• _ASSIGNMENT_
Which lines of the entries below run from the one holding "using cdf_cont continuous_on_subset" to the one holding "unfolding hazr_def[abs_def] r'_def", inclusive? Set down exactly those lines and no others.

• _SOURCE INFORMATION_
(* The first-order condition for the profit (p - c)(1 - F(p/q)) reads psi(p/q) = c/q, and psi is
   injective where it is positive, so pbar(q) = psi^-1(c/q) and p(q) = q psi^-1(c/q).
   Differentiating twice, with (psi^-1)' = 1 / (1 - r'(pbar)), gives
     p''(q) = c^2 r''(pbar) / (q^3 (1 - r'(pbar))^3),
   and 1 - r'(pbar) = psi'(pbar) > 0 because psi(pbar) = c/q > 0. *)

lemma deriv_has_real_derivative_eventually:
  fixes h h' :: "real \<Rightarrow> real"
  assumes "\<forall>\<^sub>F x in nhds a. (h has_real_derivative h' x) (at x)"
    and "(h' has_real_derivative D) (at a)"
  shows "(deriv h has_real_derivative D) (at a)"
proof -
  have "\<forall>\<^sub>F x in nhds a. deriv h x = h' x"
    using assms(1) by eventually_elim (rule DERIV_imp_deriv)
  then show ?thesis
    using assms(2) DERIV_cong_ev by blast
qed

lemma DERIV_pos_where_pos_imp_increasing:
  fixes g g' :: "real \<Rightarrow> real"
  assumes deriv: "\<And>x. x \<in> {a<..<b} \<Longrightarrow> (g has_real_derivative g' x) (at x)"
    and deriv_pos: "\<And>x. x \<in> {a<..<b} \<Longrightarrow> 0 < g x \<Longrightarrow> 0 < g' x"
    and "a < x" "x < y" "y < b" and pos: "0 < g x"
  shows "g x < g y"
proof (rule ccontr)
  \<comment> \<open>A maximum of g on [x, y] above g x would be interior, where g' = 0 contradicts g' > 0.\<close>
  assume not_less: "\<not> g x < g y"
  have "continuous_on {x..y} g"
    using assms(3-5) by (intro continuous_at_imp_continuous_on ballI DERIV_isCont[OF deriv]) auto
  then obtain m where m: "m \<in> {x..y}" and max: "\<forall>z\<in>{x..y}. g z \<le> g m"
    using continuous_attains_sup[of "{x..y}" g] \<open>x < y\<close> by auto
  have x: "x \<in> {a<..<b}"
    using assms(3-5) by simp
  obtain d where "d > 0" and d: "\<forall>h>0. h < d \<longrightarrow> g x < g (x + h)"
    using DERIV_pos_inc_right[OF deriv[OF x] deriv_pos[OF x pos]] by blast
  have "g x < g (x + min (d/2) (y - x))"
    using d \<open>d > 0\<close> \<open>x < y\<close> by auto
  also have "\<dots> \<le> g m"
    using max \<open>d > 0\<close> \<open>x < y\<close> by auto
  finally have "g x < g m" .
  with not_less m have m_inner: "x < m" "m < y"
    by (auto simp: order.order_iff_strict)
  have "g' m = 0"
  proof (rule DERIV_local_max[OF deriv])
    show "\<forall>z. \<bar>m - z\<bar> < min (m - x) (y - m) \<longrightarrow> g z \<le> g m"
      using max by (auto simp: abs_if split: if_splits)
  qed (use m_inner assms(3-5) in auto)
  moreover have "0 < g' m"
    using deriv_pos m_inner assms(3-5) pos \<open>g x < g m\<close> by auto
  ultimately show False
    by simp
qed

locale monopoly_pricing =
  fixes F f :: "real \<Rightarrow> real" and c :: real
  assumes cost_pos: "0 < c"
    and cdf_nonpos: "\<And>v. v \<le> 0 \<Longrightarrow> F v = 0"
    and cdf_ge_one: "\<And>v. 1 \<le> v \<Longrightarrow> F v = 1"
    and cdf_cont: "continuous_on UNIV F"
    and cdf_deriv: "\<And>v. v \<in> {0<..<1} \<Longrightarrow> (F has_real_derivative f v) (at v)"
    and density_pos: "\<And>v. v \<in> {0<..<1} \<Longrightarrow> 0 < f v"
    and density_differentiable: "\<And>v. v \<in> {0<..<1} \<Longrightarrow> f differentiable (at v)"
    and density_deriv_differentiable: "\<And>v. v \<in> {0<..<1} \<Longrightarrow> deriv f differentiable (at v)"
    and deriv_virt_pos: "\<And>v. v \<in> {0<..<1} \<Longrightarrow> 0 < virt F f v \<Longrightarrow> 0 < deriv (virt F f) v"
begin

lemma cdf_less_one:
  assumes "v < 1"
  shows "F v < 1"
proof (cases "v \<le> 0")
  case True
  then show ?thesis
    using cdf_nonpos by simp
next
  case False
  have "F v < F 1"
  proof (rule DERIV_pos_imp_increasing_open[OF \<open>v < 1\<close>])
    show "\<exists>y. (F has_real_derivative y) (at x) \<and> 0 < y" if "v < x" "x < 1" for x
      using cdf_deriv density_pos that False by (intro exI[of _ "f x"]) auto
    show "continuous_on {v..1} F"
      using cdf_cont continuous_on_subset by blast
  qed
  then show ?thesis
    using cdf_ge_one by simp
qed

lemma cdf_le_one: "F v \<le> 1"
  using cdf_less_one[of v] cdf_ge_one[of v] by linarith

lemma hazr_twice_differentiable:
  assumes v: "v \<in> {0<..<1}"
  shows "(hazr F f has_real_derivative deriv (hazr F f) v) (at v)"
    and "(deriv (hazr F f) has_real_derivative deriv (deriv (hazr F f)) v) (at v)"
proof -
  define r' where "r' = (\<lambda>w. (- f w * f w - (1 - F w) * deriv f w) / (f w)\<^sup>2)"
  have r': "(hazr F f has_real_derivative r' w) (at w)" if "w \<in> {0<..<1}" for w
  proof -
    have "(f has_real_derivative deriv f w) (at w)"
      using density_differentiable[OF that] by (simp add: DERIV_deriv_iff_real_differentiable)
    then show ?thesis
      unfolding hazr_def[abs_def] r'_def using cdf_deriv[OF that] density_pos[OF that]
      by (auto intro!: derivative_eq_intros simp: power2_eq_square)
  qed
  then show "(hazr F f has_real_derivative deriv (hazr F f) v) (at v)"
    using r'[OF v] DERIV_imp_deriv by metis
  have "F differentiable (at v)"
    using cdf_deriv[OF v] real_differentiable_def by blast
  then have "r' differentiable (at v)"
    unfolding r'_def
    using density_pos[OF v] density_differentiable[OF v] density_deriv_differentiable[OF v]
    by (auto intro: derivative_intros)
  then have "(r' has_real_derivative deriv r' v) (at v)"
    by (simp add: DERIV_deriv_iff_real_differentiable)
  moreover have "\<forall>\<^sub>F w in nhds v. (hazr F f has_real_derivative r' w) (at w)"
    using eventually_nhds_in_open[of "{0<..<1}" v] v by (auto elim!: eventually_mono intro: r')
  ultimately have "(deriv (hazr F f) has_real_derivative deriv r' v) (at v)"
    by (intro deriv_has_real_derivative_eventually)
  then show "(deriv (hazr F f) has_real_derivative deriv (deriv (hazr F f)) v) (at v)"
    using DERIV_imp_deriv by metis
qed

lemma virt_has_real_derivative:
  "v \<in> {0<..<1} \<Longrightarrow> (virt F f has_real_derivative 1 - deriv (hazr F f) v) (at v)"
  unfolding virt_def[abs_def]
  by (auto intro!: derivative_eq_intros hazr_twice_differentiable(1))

• _RESULT_
      using cdf_cont continuous_on_subset by blast
  qed
  then show ?thesis
    using cdf_ge_one by simp
qed

lemma cdf_le_one: "F v \<le> 1"
  using cdf_less_one[of v] cdf_ge_one[of v] by linarith

lemma hazr_twice_differentiable:
  assumes v: "v \<in> {0<..<1}"
  shows "(hazr F f has_real_derivative deriv (hazr F f) v) (at v)"
    and "(deriv (hazr F f) has_real_derivative deriv (deriv (hazr F f)) v) (at v)"
proof -
  define r' where "r' = (\<lambda>w. (- f w * f w - (1 - F w) * deriv f w) / (f w)\<^sup>2)"
  have r': "(hazr F f has_real_derivative r' w) (at w)" if "w \<in> {0<..<1}" for w
  proof -
    have "(f has_real_derivative deriv f w) (at w)"
      using density_differentiable[OF that] by (simp add: DERIV_deriv_iff_real_differentiable)
    then show ?thesis
      unfolding hazr_def[abs_def] r'_def using cdf_deriv[OF that] density_pos[OF that]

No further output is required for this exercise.